The governments of the French-speaking region asked the Belgian ambassador in Tripoli to ask Libyan authorities how the weapons have been used, said Christopher Barzal, spokesman for Wallonia's regional leader Rudy Demotte.
Wallonia gave an export license to Liege-based FN Herstal for the sale of 367 F2000 assault rifles, 367 P90 submachine guns, 367 Five-Seven handguns, 20 Minimi light machine guns, 22,000 rifle grenades and 1.134 million rounds of ammunition for these weapons, for a total value of 6.9 million euros.
The license also authorised the sale of 2,000 FN 303, a compressed-air gun that fires projectiles which, according to the firm's website, can be used to stop a "hostile but unarmed individual or group" among other things.
The sale of these so-called "less-lethal" weapons was valued at 5.3 million euros.
The final use certificate states that the weapons are for the exclusive use of the Libyan army's 32nd elite forces battalion for a mission to protect "humanitarian aid convoys to Darfur", Barzal said.
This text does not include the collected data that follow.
lemma Sv_state_at_eq_sigma:
  "v \<in> V \<Longrightarrow> maxhop V E w v t < k \<Longrightarrow> Sv (state_at V w ord k j v) v t = real (sigma V E w v t)"
proof (induction "maxhop V E w v t" arbitrary: v k j rule: less_induct)
  case less
  show ?case
  proof (cases "v = t")
    case True
    then show ?thesis using Sv_state_at_self less.prems(1) shortest_to_target by (simp add: sigma_def)
  next
    case False
    obtain p where k: "k = Suc p" using less.prems(2) by (cases k) auto
    have sigma_next: "Sv (run V w ord k' u) u t = real (sigma V E w u t)"
      if "u \<in> next_hops v" and "maxhop V E w v t \<le> k'" for u k'
      using less.hyps[of u k' 0] maxhop_next_hop_less[OF less.prems(1) False that(1)] that
        next_hops_edge EV by (force simp: state_at_0)
    have "next_hops_known v (run V w ord k v)"
      using next_hops_known_process_list[of v p "ord p v"] less.prems sigma_next False k by simp
    then have "next_hops_known v (state_at V w ord k j v)"
      using next_hops_known_process_list[of v k "take j (ord k v)"] less.prems sigma_next False
      by (simp add: state_at_def set_take_subset)
    then show ?thesis
      using NH_subset_Sv_sum[OF less.prems(1)] sigma_next_hops[OF less.prems(1) False] False
      by (simp add: next_hops_known_def)
  qed
qed

end
(* Every hamiltonian path of the 3 x 3 x 2 grid Y = {s^i t^j u^k} from t^2 to s t^2 closes up to
   a hamiltonian cycle of Cay(G;S) in one and the same way: by the edge s t^2 -- t^2 if G = Y,
   and otherwise by the edges s t^2 -- s t^3 and t^3 -- t^2 together with the hamiltonian path
   of G - Y obtained by deleting the edge t^3 -- t^3 s from the given cycle.  In an alternating
   sum of four such cycles the common closing part cancels, and for each pair of generators there
   are four grid paths whose alternating sum is a single basic 4-cycle.  Translating, and using
   how basic 4-cycles change when two generators are swapped or one is inverted, yields every
   basic 4-cycle. *)

theory Submission
  imports Defs "HOL-Library.Function_Algebras"
begin

lemma ham_span_zero: "0 \<in> ham_span G S"
  using ham_span.zero by (simp add: zero_fun_def)

lemma ham_span_diff: "f \<in> ham_span G S \<Longrightarrow> g \<in> ham_span G S \<Longrightarrow> f - g \<in> ham_span G S"
  using ham_span.diff by (simp add: fun_diff_def)

lemma ham_span_uminus: "f \<in> ham_span G S \<Longrightarrow> - f \<in> ham_span G S"
  using ham_span_diff[OF ham_span_zero] by simp

lemma ham_span_add: "f \<in> ham_span G S \<Longrightarrow> g \<in> ham_span G S \<Longrightarrow> f + g \<in> ham_span G S"
  by (metis diff_minus_eq_add ham_span_diff ham_span_uminus)

definition arc_flow :: "('a, 'b) monoid_scheme \<Rightarrow> 'a \<Rightarrow> 'a \<Rightarrow> 'a \<Rightarrow> 'a \<Rightarrow> int" where
  "arc_flow G x y = (\<lambda>w a. (if w = x \<and> a = inv\<^bsub>G\<^esub> x \<otimes>\<^bsub>G\<^esub> y then 1 else 0)
                         - (if w = y \<and> a = inv\<^bsub>G\<^esub> y \<otimes>\<^bsub>G\<^esub> x then 1 else 0))"

lemma arc_flow_swap: "arc_flow G y x = - arc_flow G x y"
  by (simp add: arc_flow_def fun_eq_iff)

fun path_flow :: "('a, 'b) monoid_scheme \<Rightarrow> 'a list \<Rightarrow> 'a \<Rightarrow> 'a \<Rightarrow> int" where
  "path_flow G (x # y # ys) = arc_flow G x y + path_flow G (y # ys)"
| "path_flow G _ = 0"

lemma path_flow_append: "path_flow G (xs @ y # ys) = path_flow G (xs @ [y]) + path_flow G (y # ys)"
  by (induction xs rule: induct_list012) (simp_all add: add.assoc)

lemma path_flow_rev: "path_flow G (rev xs) = - path_flow G xs"
proof (induction xs rule: induct_list012)
  case (3 x y ys)
  have "path_flow G (rev (x # y # ys)) = path_flow G (rev (y # ys)) + arc_flow G y x"
    using path_flow_append[of G "rev ys" y "[x]"] by simp
  also have "\<dots> = - (arc_flow G x y + path_flow G (y # ys))"
    by (simp only: "3.IH"(2) arc_flow_swap[of G y x] minus_add)
  finally show ?case by (simp only: path_flow.simps)
qed simp_all

fun walk_path :: "('a, 'b) monoid_scheme \<Rightarrow> 'a \<Rightarrow> 'a list \<Rightarrow> 'a list" where
  "walk_path G v [] = [v]"
| "walk_path G v (a # ts) = v # walk_path G (v \<otimes>\<^bsub>G\<^esub> a) ts"

lemma walk_path_eq_map_walk_vert:
  "walk_path G v ts = map (walk_vert G v ts) [0..<Suc (length ts)]"
proof (induction ts arbitrary: v)
  case (Cons a ts)
  have "[0..<Suc (length (a # ts))] = 0 # map Suc [0..<Suc (length ts)]"
    by (simp add: map_Suc_upt upt_conv_Cons del: upt_Suc)
  with Cons show ?case by (simp add: walk_vert_def)
qed (simp add: walk_vert_def)

fun path_word :: "('a, 'b) monoid_scheme \<Rightarrow> 'a list \<Rightarrow> 'a list" where
  "path_word G (x # y # ys) = (inv\<^bsub>G\<^esub> x \<otimes>\<^bsub>G\<^esub> y) # path_word G (y # ys)"
| "path_word G _ = []"

definition ham_vertex_cycle :: "('a, 'b) monoid_scheme \<Rightarrow> 'a set \<Rightarrow> 'a list \<Rightarrow> bool" where
  "ham_vertex_cycle G S vs \<longleftrightarrow> distinct vs \<and> set vs = carrier G \<and> 3 \<le> length vs \<and>
     successively (cay_adj G S) (vs @ [hd vs])"

lemma successively_rotate:
  assumes "\<forall>j<length vs. P (vs ! j) (vs ! (Suc j mod length vs))"
  shows "successively P (rotate k vs)"
  unfolding successively_conv_nth
proof (intro allI impI)
  fix j assume j: "Suc j < length (rotate k vs)"
  then have "vs \<noteq> []" by auto
  then have "(k + j) mod length vs < length vs" by simp
  then have "P (vs ! ((k + j) mod length vs)) (vs ! (Suc ((k + j) mod length vs) mod length vs))"
    using assms by blast
  then have "P (vs ! ((k + j) mod length vs)) (vs ! ((k + Suc j) mod length vs))"
    by (simp add: mod_Suc_eq)
  then show "P (rotate k vs ! j) (rotate k vs ! Suc j)"
    using j by (simp add: nth_rotate)
qed

context group
begin

lemma walk_flow_Cons:
  assumes "v \<in> carrier G" "a \<in> carrier G"
  shows "walk_flow G v (a # ts) = arc_flow G v (v \<otimes> a) + walk_flow G (v \<otimes> a) ts"
proof -
  have "inv v \<otimes> (v \<otimes> a) = a" "inv (v \<otimes> a) \<otimes> v = inv a"
    using assms by (simp_all add: m_assoc[symmetric]) (simp add: inv_mult_group m_assoc)
  then show ?thesis
    unfolding walk_flow_def arc_flow_def
    by (simp add: fun_eq_iff sum.lessThan_Suc_shift walk_vert_def del: sum.lessThan_Suc)
qed

lemma walk_flow_eq_path_flow:
  "v \<in> carrier G \<Longrightarrow> set ts \<subseteq> carrier G \<Longrightarrow> walk_flow G v ts = path_flow G (walk_path G v ts)"
proof (induction ts arbitrary: v)
  case Nil
  then show ?case by (simp add: walk_flow_def fun_eq_iff)
next
  case (Cons a ts)
  then have "a \<in> carrier G" "v \<otimes> a \<in> carrier G" "set ts \<subseteq> carrier G" by auto
  moreover have "walk_path G (v \<otimes> a) ts = (v \<otimes> a) # tl (walk_path G (v \<otimes> a) ts)"
    by (cases ts) simp_all
  ultimately show ?case
    using Cons.IH Cons.prems(1) walk_flow_Cons by (metis path_flow.simps(1) walk_path.simps(2))
qed

lemma walk_path_path_word:
  "set xs \<subseteq> carrier G \<Longrightarrow> xs \<noteq> [] \<Longrightarrow> walk_path G (hd xs) (path_word G xs) = xs"
  by (induction xs rule: induct_list012) (simp_all add: m_assoc[symmetric])

lemma set_path_word_subset:
  "S \<subseteq> carrier G \<Longrightarrow> successively (cay_adj G S) xs \<Longrightarrow> set (path_word G xs) \<subseteq> S"
proof (induction xs rule: induct_list012)
  case (3 x y ys)
  then obtain a where a: "x \<in> carrier G" "a \<in> S" "y = x \<otimes> a"
    by (auto simp: cay_adj_def)
  with "3.prems"(1) have "inv x \<otimes> y = a"
    by (auto simp: m_assoc[symmetric])
  with 3 a(2) show ?case by simp
qed simp_all

lemma ham_cycle_walk_path:
  assumes "v \<in> carrier G" "set ts \<subseteq> S" "walk_path G v ts = vs @ [v]"
    and "distinct vs" "set vs = carrier G" "3 \<le> length vs"
  shows "ham_cycle G S v ts"
proof -
  have "map (walk_vert G v ts) [0..<length ts] @ [walk_vert G v ts (length ts)] = vs @ [v]"
    using assms(3) by (simp add: walk_path_eq_map_walk_vert)
  then have verts: "map (walk_vert G v ts) [0..<length ts] = vs" and last: "walk_vert G v ts (length ts) = v"
    by simp_all
  have "length ts = length vs" "card (carrier G) = length vs"
    using arg_cong[OF verts, of length] distinct_card[OF assms(4)] assms(5) by simp_all
  then show ?thesis
    unfolding ham_cycle_def verts last using assms(1,2,4-6) by simp
qed

lemma ham_vertex_cycle_flow_in_ham_span:
  assumes "S \<subseteq> carrier G" "ham_vertex_cycle G S vs"
  shows "path_flow G (vs @ [hd vs]) \<in> ham_span G S"
proof -
  let ?ts = "path_word G (vs @ [hd vs])"
  have vs: "distinct vs" "set vs = carrier G" "3 \<le> length vs"
    and adj: "successively (cay_adj G S) (vs @ [hd vs])"
    using assms(2) unfolding ham_vertex_cycle_def by blast+
  have "vs \<noteq> []"
    using vs(3) by auto
  then have hd: "hd vs \<in> carrier G" "hd (vs @ [hd vs]) = hd vs"
    using vs(2) hd_in_set by auto
  have word: "set ?ts \<subseteq> S"
    by (rule set_path_word_subset[OF assms(1) adj])
  have walk: "walk_path G (hd vs) ?ts = vs @ [hd vs]"
    using walk_path_path_word[of "vs @ [hd vs]"] vs(2) hd by simp
  have "walk_flow G (hd vs) ?ts \<in> ham_span G S"
    by (rule ham_span.ham, rule ham_cycle_walk_path[OF hd(1) word walk vs])
  moreover have "walk_flow G (hd vs) ?ts = path_flow G (vs @ [hd vs])"
    using walk_flow_eq_path_flow[OF hd(1)] word assms(1) walk by simp
  ultimately show ?thesis
    by simp
qed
The Belgian Human Rights League expressed fears that the weapons could have been used by the regime of Libyan leader Moamer Kadhafi to repress anti-government protests, but it admitted it had no proof.
"The probability is very low, but we have asked the ambassador to verify urgently," Barzal said.
The European Union lifted an arms embargo on Libya in 2004.
In Belgium's decentralised political system, the regions are responsible for approving licenses for arm exports.